PROBLEM DETAILS — Exactly the lines below from the one with "add: log_le_iff pos_divide_le_eq)" up to and including the one with "with step.hyps have" make up the answer, with nothing else added.

• • • • •

(* Let $K\ge 1$ be an integer, let $\lambda_1\ge\lambda_2\ge\cdots\ge\lambda_K>0$, $\Psi>0$, $r_{min}\ge 0$ be real numbers. For $\rho=(\rho_1,\dots,\rho_K)\in[0,\infty)^K$ define $$r_i^U(\rho)=\log_2\!\left(1+\frac{\rho_i\lambda_i}{\sum_{j=1}^{i-1}\rho_j\lambda_i+\Psi}\right),\qquad i=1,\dots,K.$$ Define $\rho_{i,min}$ recursively by $\rho_{i,min}=(2^{r_{min}}-1)\big(\sum_{j=1}^{i-1}\rho_{j,min}+\Psi/\lambda_i\big)$ (so that user $i$ gets rate exactly $r_{min}$ when every user $j$ is allocated $\rho_{j,min}$), and let $\rho_{sum}^{min}=\sum_{i=1}^K\rho_{i,min}$. For an allocation $\rho$ write $\triangle\rho_i=\rho_i-\rho_{i,min}$ and $$\rho_i^e=\Big(\triangle\rho_i-(2^{r_{min}}-1)\sum_{j=1}^{i-1}\triangle\rho_j\Big)2^{(K-i)r_{min}}$$ (the transformed excess power of user $i$). Let $\rho_U\ge\rho_{sum}^{min}$. Then, over all $\rho\in[0,\infty)^K$ with $\sum_{i=1}^K\rho_i=\rho_U$ and $r_i^U(\rho)\ge r_{min}$ for all $i$, the sum rate $\sum_{i=1}^K r_i^U(\rho)$ is maximized by allocating all the excess power to user $1$, i.e. by the allocation with $\rho_1^e=\rho_U-\rho_{sum}^{min}$ and $\rho_i^e=0$ for $i\ge 2$, and the maximum value is $$\sum_{i=1}^K r_i^U=Kr_{min}+\triangle r_1^U=Kr_{min}+\log_2\!\left(1+\frac{(\rho_U-\rho_{sum}^{min})\lambda_1}{\Psi\,2^{Kr_{min}}}\right),$$ where $\triangle r_i^U=r_i^U(\rho)-r_{min}$ (so $\triangle r_i^U=0$ for $i\ge2$ at the optimum).
   Context: Setting: NOMA downlink with $K$ users decoded by successive interference cancellation; $\rho_i$ is the transmit SNR allocated to user $i$, $\lambda_i$ its estimated channel gain (users indexed from strongest to weakest channel), $\Psi>0$ a constant effective noise term, $r_{min}$ the minimum required unicast rate per user, $\rho_U$ the total unicast SNR. Empty sums are zero. *)

theory Defs
  imports Complex_Main
begin

text \<open>Users are indexed 1..K (strongest to weakest); allocations are functions nat => real,
only the values at indices 1..K matter.\<close>

definition rU :: "(nat \<Rightarrow> real) \<Rightarrow> real \<Rightarrow> (nat \<Rightarrow> real) \<Rightarrow> nat \<Rightarrow> real" where
  "rU lam Psi rho i =
     log 2 (1 + rho i * lam i / ((\<Sum>j\<in>{1..<i}. rho j * lam i) + Psi))"

definition excess :: "nat \<Rightarrow> real \<Rightarrow> (nat \<Rightarrow> real) \<Rightarrow> (nat \<Rightarrow> real) \<Rightarrow> nat \<Rightarrow> real" where
  "excess K rmin rhomin rho i =
     ((rho i - rhomin i) - (2 powr rmin - 1) * (\<Sum>j\<in>{1..<i}. rho j - rhomin j))
       * 2 powr ((real K - real i) * rmin)"

definition feasible :: "nat \<Rightarrow> (nat \<Rightarrow> real) \<Rightarrow> real \<Rightarrow> real \<Rightarrow> real \<Rightarrow> (nat \<Rightarrow> real) \<Rightarrow> bool" where
  "feasible K lam Psi rmin rhoU rho \<longleftrightarrow>
     (\<forall>i\<in>{1..K}. rho i \<ge> 0) \<and> (\<Sum>i\<in>{1..K}. rho i) = rhoU \<and>
     (\<forall>i\<in>{1..K}. rU lam Psi rho i \<ge> rmin)"

end

theory Submission
  imports Defs
begin

(* With S_i the power of the first i users and N_i = Psi / lam_i, the rate of user i is
   log (S_i + N_i) - log (S_(i-1) + N_i).  The sum rate therefore telescopes into
   log (rhoU + N_K) - log N_1 plus the terms log (S_i + N_i) - log (S_i + N_(i+1)), which are
   nondecreasing in S_i since N_i <= N_(i+1).  The constraints r_i >= r_min of users 2..K bound
   every S_i from above, by backward induction from S_K = rhoU, and the bound is attained by the
   allocation giving users 2..K exactly r_min.  That allocation is the one putting all excess power
   on user 1, because the partial sums of the transformed excess powers are the cumulative excess
   powers scaled by 2^((K - i) r_min). *)

lemma rU_Suc_eq_log_diff:
  assumes "lam (Suc i) > 0" "Psi > 0" "\<forall>j\<in>{1..Suc i}. rho j \<ge> 0"
  shows "rU lam Psi rho (Suc i) =
    log 2 ((\<Sum>j\<in>{1..Suc i}. rho j) + Psi / lam (Suc i)) - log 2 ((\<Sum>j\<in>{1..i}. rho j) + Psi / lam (Suc i))"
proof -
  define s where "s = (\<Sum>j\<in>{1..i}. rho j)"
  define N where "N = Psi / lam (Suc i)"
  have "s \<ge> 0" using assms(3) unfolding s_def by (intro sum_nonneg) auto
  moreover have "N > 0" using assms by (simp add: N_def)
  moreover have "rho (Suc i) \<ge> 0" using assms(3) by simp
  moreover have "rU lam Psi rho (Suc i) = log 2 (1 + rho (Suc i) / (s + N))"
    using assms(1,2) \<open>s \<ge> 0\<close>
    by (simp add: rU_def N_def s_def atLeastLessThanSuc_atLeastAtMost sum_distrib_right[symmetric]
        field_simps add_nonneg_pos)
  ultimately have "rU lam Psi rho (Suc i) = log 2 (s + rho (Suc i) + N) - log 2 (s + N)"
    by (simp add: field_simps log_divide_pos add_nonneg_pos)
  then show ?thesis by (simp add: s_def N_def)
qed

lemma rU_Suc_eq_log_divide:
  assumes "lam (Suc i) > 0" "Psi > 0" "\<forall>j\<in>{1..Suc i}. rho j \<ge> 0"
  shows "rU lam Psi rho (Suc i) =
    log 2 (((\<Sum>j\<in>{1..Suc i}. rho j) + Psi / lam (Suc i)) / ((\<Sum>j\<in>{1..i}. rho j) + Psi / lam (Suc i)))"
    and "(\<Sum>j\<in>{1..i}. rho j) + Psi / lam (Suc i) > 0"
    and "(\<Sum>j\<in>{1..Suc i}. rho j) + Psi / lam (Suc i) > 0"
proof -
  have "0 \<le> (\<Sum>j\<in>{1..i}. rho j)" "0 \<le> (\<Sum>j\<in>{1..Suc i}. rho j)"
    using assms(3) by (auto intro!: sum_nonneg simp del: sum.cl_ivl_Suc)
  moreover have "Psi / lam (Suc i) > 0"
    using assms(1,2) by simp
  ultimately show pos: "(\<Sum>j\<in>{1..i}. rho j) + Psi / lam (Suc i) > 0"
            "(\<Sum>j\<in>{1..Suc i}. rho j) + Psi / lam (Suc i) > 0"
    by linarith+
  show "rU lam Psi rho (Suc i) =
    log 2 (((\<Sum>j\<in>{1..Suc i}. rho j) + Psi / lam (Suc i)) / ((\<Sum>j\<in>{1..i}. rho j) + Psi / lam (Suc i)))"
    using rU_Suc_eq_log_diff[of lam i Psi rho, OF assms] pos by (simp only: log_divide_pos)
qed

lemma rU_Suc_ge_iff:
  assumes "lam (Suc i) > 0" "Psi > 0" "\<forall>j\<in>{1..Suc i}. rho j \<ge> 0"
  shows "r \<le> rU lam Psi rho (Suc i) \<longleftrightarrow>
    2 powr r * ((\<Sum>j\<in>{1..i}. rho j) + Psi / lam (Suc i)) \<le> (\<Sum>j\<in>{1..Suc i}. rho j) + Psi / lam (Suc i)"
  using rU_Suc_eq_log_divide[of lam i Psi rho, OF assms] by (simp add: le_log_iff pos_le_divide_eq)

lemma rU_Suc_le_iff:
  assumes "lam (Suc i) > 0" "Psi > 0" "\<forall>j\<in>{1..Suc i}. rho j \<ge> 0"
  shows "rU lam Psi rho (Suc i) \<le> r \<longleftrightarrow>
    (\<Sum>j\<in>{1..Suc i}. rho j) + Psi / lam (Suc i) \<le> 2 powr r * ((\<Sum>j\<in>{1..i}. rho j) + Psi / lam (Suc i))"
  using rU_Suc_eq_log_divide[of lam i Psi rho, OF assms] by (simp add: log_le_iff pos_divide_le_eq)

lemma log_shift_diff_mono:
  fixes b x y M N :: real
  assumes "1 < b" "0 \<le> x" "x \<le> y" "0 < M" "M \<le> N"
  shows "log b (x + M) - log b (x + N) \<le> log b (y + M) - log b (y + N)"
proof -
  have "(x + M) * (y + N) \<le> (y + M) * (x + N)"
  proof -
    have "(y + M) * (x + N) - (x + M) * (y + N) = (N - M) * (y - x)"
      by (simp add: algebra_simps)
    also have "\<dots> \<ge> 0"
      using assms by simp
    finally show ?thesis by simp
  qed
  then have "log b ((x + M) * (y + N)) \<le> log b ((y + M) * (x + N))"
    using assms by simp
  then show ?thesis
    using assms by (simp add: log_mult_pos)
qed

lemma partial_sum_le_of_rate_bounds:
  assumes "\<forall>i\<in>{1..K}. lam i > 0" "Psi > 0"
    and "\<forall>i\<in>{1..K}. rho i \<ge> 0" "\<forall>i\<in>{1..K}. sigma i \<ge> 0"
    and "(\<Sum>i\<in>{1..K}. rho i) = (\<Sum>i\<in>{1..K}. sigma i)"
    and "\<forall>i\<in>{2..K}. r \<le> rU lam Psi rho i" "\<forall>i\<in>{2..K}. rU lam Psi sigma i \<le> r"
    and "n \<le> K"
  shows "(\<Sum>j\<in>{1..n}. rho j) \<le> (\<Sum>j\<in>{1..n}. sigma j)"
  using \<open>n \<le> K\<close>
proof (induction n rule: inc_induct)
  case base
  show ?case using assms(5) by simp
next
  case (step n)
  show ?case
  proof (cases "n = 0")
    case False
    with step.hyps have n: "Suc n \<in> {2..K}" by auto
    define N where "N = Psi / lam (Suc n)"
    have "2 powr r * ((\<Sum>j\<in>{1..n}. rho j) + N) \<le> (\<Sum>j\<in>{1..Suc n}. rho j) + N"
      using rU_Suc_ge_iff[of lam n Psi rho r] assms n unfolding N_def by auto
    also have "\<dots> \<le> (\<Sum>j\<in>{1..Suc n}. sigma j) + N"
      using step.IH by simp
    also have "\<dots> \<le> 2 powr r * ((\<Sum>j\<in>{1..n}. sigma j) + N)"
      using rU_Suc_le_iff[of lam n Psi sigma r] assms n unfolding N_def by auto
    finally show ?thesis by simp
  qed simp
qed

lemma sum_rU_le_of_rate_bounds:
  assumes "\<forall>i\<in>{1..<K}. lam i \<ge> lam (Suc i)" "\<forall>i\<in>{1..K}. lam i > 0" "Psi > 0"
    and "\<forall>i\<in>{1..K}. rho i \<ge> 0" "\<forall>i\<in>{1..K}. sigma i \<ge> 0"
    and "(\<Sum>i\<in>{1..K}. rho i) = (\<Sum>i\<in>{1..K}. sigma i)"
    and "\<forall>i\<in>{2..K}. r \<le> rU lam Psi rho i" "\<forall>i\<in>{2..K}. rU lam Psi sigma i \<le> r"
  shows "(\<Sum>i\<in>{1..K}. rU lam Psi rho i) \<le> (\<Sum>i\<in>{1..K}. rU lam Psi sigma i)"
proof -
  define S where "S f n = (\<Sum>j\<in>{1..n}. f j)" for f :: "nat \<Rightarrow> real" and n
  define H where "H f n = (\<Sum>i\<in>{1..n}. rU lam Psi f i) - log 2 (S f n + Psi / lam n)" for f n
  have H_Suc: "H f (Suc n) = H f n + (log 2 (S f n + Psi / lam n) - log 2 (S f n + Psi / lam (Suc n)))"
    if "n < K" "\<forall>i\<in>{1..K}. f i \<ge> 0" for f n
    using rU_Suc_eq_log_diff[of lam n Psi f] that assms(2,3) by (simp add: H_def S_def)
  have "H rho n \<le> H sigma n" if "n \<le> K" for n
    using that
  proof (induction n) \<comment> \<open>at \<open>n = 0\<close> the junk value \<open>lam 0\<close> enters both sides identically\<close>
    case (Suc n)
    have "log 2 (S rho n + Psi / lam n) - log 2 (S rho n + Psi / lam (Suc n))
       \<le> log 2 (S sigma n + Psi / lam n) - log 2 (S sigma n + Psi / lam (Suc n))"
    proof (cases "n = 0")
      case False
      with Suc.prems show ?thesis
        using partial_sum_le_of_rate_bounds[of K lam Psi rho sigma r n] assms
        by (intro log_shift_diff_mono) (auto simp: S_def intro!: sum_nonneg divide_left_mono)
    qed (simp add: S_def)
    with Suc show ?case
      using H_Suc[of n rho] H_Suc[of n sigma] assms(4,5) by simp
  qed (simp add: H_def S_def)
  from this[of K] show ?thesis
    using assms(6) by (simp add: H_def S_def)
qed

lemma partial_sums_eq_const_iff:
  fixes f :: "nat \<Rightarrow> 'a::ab_group_add"
  assumes "1 \<le> K"
  shows "(f 1 = D \<and> (\<forall>i\<in>{2..K}. f i = 0)) \<longleftrightarrow> (\<forall>i\<in>{1..K}. (\<Sum>j\<in>{1..i}. f j) = D)"
proof
  assume f: "f 1 = D \<and> (\<forall>i\<in>{2..K}. f i = 0)"
  show "\<forall>i\<in>{1..K}. (\<Sum>j\<in>{1..i}. f j) = D"
  proof
    fix i assume "i \<in> {1..K}"
    then have "1 \<le> i" "i \<le> K" by auto
    then show "(\<Sum>j\<in>{1..i}. f j) = D"
      by (induction i rule: dec_induct) (use f in auto)
  qed
next
  assume sums: "\<forall>i\<in>{1..K}. (\<Sum>j\<in>{1..i}. f j) = D"
  have "f i = 0" if i: "i \<in> {2..K}" for i
  proof -
    obtain n where "i = Suc n"
      using i by (cases i) auto
    with i have n: "i = Suc n" "n \<in> {1..K}" "Suc n \<in> {1..K}"
      by auto
    then have "(\<Sum>j\<in>{1..Suc n}. f j) = D" "(\<Sum>j\<in>{1..n}. f j) = D"
      using sums by blast+
    then show ?thesis
      using n(1) by simp
  qed
  moreover have "f 1 = D"
    using sums assms by force
  ultimately show "f 1 = D \<and> (\<forall>i\<in>{2..K}. f i = 0)" by blast
qed

lemma sum_excess:
  "(\<Sum>j\<in>{1..i}. excess K rmin rhomin rho j) =
     (\<Sum>j\<in>{1..i}. rho j - rhomin j) * 2 powr ((real K - real i) * rmin)"
proof (induction i)
  case (Suc i)
  define T where "T = (\<Sum>j\<in>{1..i}. rho j - rhomin j)"
  define p where "p = 2 powr ((real K - real (Suc i)) * rmin)"
  have "2 powr ((real K - real i) * rmin) = 2 powr rmin * p"
    unfolding p_def by (simp add: powr_add[symmetric] algebra_simps)
  then have "(\<Sum>j\<in>{1..i}. excess K rmin rhomin rho j) = T * (2 powr rmin * p)"
    using Suc.IH by (simp add: T_def)
  moreover have "excess K rmin rhomin rho (Suc i) = (rho (Suc i) - rhomin (Suc i) - (2 powr rmin - 1) * T) * p"
    by (simp add: excess_def T_def p_def atLeastLessThanSuc_atLeastAtMost)
  ultimately have "(\<Sum>j\<in>{1..Suc i}. excess K rmin rhomin rho j) = (T + (rho (Suc i) - rhomin (Suc i))) * p"
    by (simp add: algebra_simps)
  then show ?case
    by (simp add: T_def p_def)
qed simp

(* The allocation with transformed excess powers D, 0, ..., 0, described by its partial sums. *)
definition excess_to_first :: "nat \<Rightarrow> real \<Rightarrow> (nat \<Rightarrow> real) \<Rightarrow> real \<Rightarrow> (nat \<Rightarrow> real) \<Rightarrow> bool" where
  "excess_to_first K rmin rhomin D rho \<longleftrightarrow>
     (\<forall>i\<in>{1..K}. (\<Sum>j\<in>{1..i}. rho j) = (\<Sum>j\<in>{1..i}. rhomin j) + D * 2 powr ((real i - real K) * rmin))"

lemma excess_to_first_iff:
  assumes "1 \<le> K"
  shows "(excess K rmin rhomin rho 1 = D \<and> (\<forall>i\<in>{2..K}. excess K rmin rhomin rho i = 0)) \<longleftrightarrow>
    excess_to_first K rmin rhomin D rho"
proof -
  have level_iff: "(\<Sum>j\<in>{1..i}. rho j - rhomin j) * 2 powr ((real K - real i) * rmin) = D \<longleftrightarrow>
      (\<Sum>j\<in>{1..i}. rho j) = (\<Sum>j\<in>{1..i}. rhomin j) + D * 2 powr ((real i - real K) * rmin)" for i
  proof -
    define p where "p = 2 powr ((real K - real i) * rmin)"
    have inverse_p: "2 powr ((real i - real K) * rmin) = 1 / p"
      unfolding p_def by (simp add: powr_minus_divide[symmetric] algebra_simps)
    have "p > 0"
      unfolding p_def by simp
    then show ?thesis
      unfolding sum_subtractf p_def[symmetric] inverse_p by (auto simp: field_simps)
  qed
  have "(excess K rmin rhomin rho 1 = D \<and> (\<forall>i\<in>{2..K}. excess K rmin rhomin rho i = 0)) \<longleftrightarrow>
      (\<forall>i\<in>{1..K}. (\<Sum>j\<in>{1..i}. excess K rmin rhomin rho j) = D)"
    by (rule partial_sums_eq_const_iff[OF assms])
  then show ?thesis
    unfolding sum_excess level_iff excess_to_first_def .
qed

• • • • •

SOLUTION TO THE EXERCISE —
  using rU_Suc_eq_log_divide[of lam i Psi rho, OF assms] by (simp add: log_le_iff pos_divide_le_eq)

lemma log_shift_diff_mono:
  fixes b x y M N :: real
  assumes "1 < b" "0 \<le> x" "x \<le> y" "0 < M" "M \<le> N"
  shows "log b (x + M) - log b (x + N) \<le> log b (y + M) - log b (y + N)"
proof -
  have "(x + M) * (y + N) \<le> (y + M) * (x + N)"
  proof -
    have "(y + M) * (x + N) - (x + M) * (y + N) = (N - M) * (y - x)"
      by (simp add: algebra_simps)
    also have "\<dots> \<ge> 0"
      using assms by simp
    finally show ?thesis by simp
  qed
  then have "log b ((x + M) * (y + N)) \<le> log b ((y + M) * (x + N))"
    using assms by simp
  then show ?thesis
    using assms by (simp add: log_mult_pos)
qed

lemma partial_sum_le_of_rate_bounds:
  assumes "\<forall>i\<in>{1..K}. lam i > 0" "Psi > 0"
    and "\<forall>i\<in>{1..K}. rho i \<ge> 0" "\<forall>i\<in>{1..K}. sigma i \<ge> 0"
    and "(\<Sum>i\<in>{1..K}. rho i) = (\<Sum>i\<in>{1..K}. sigma i)"
    and "\<forall>i\<in>{2..K}. r \<le> rU lam Psi rho i" "\<forall>i\<in>{2..K}. rU lam Psi sigma i \<le> r"
    and "n \<le> K"
  shows "(\<Sum>j\<in>{1..n}. rho j) \<le> (\<Sum>j\<in>{1..n}. sigma j)"
  using \<open>n \<le> K\<close>
proof (induction n rule: inc_induct)
  case base
  show ?case using assms(5) by simp
next
  case (step n)
  show ?case
  proof (cases "n = 0")
    case False
    with step.hyps have n: "Suc n \<in> {2..K}" by auto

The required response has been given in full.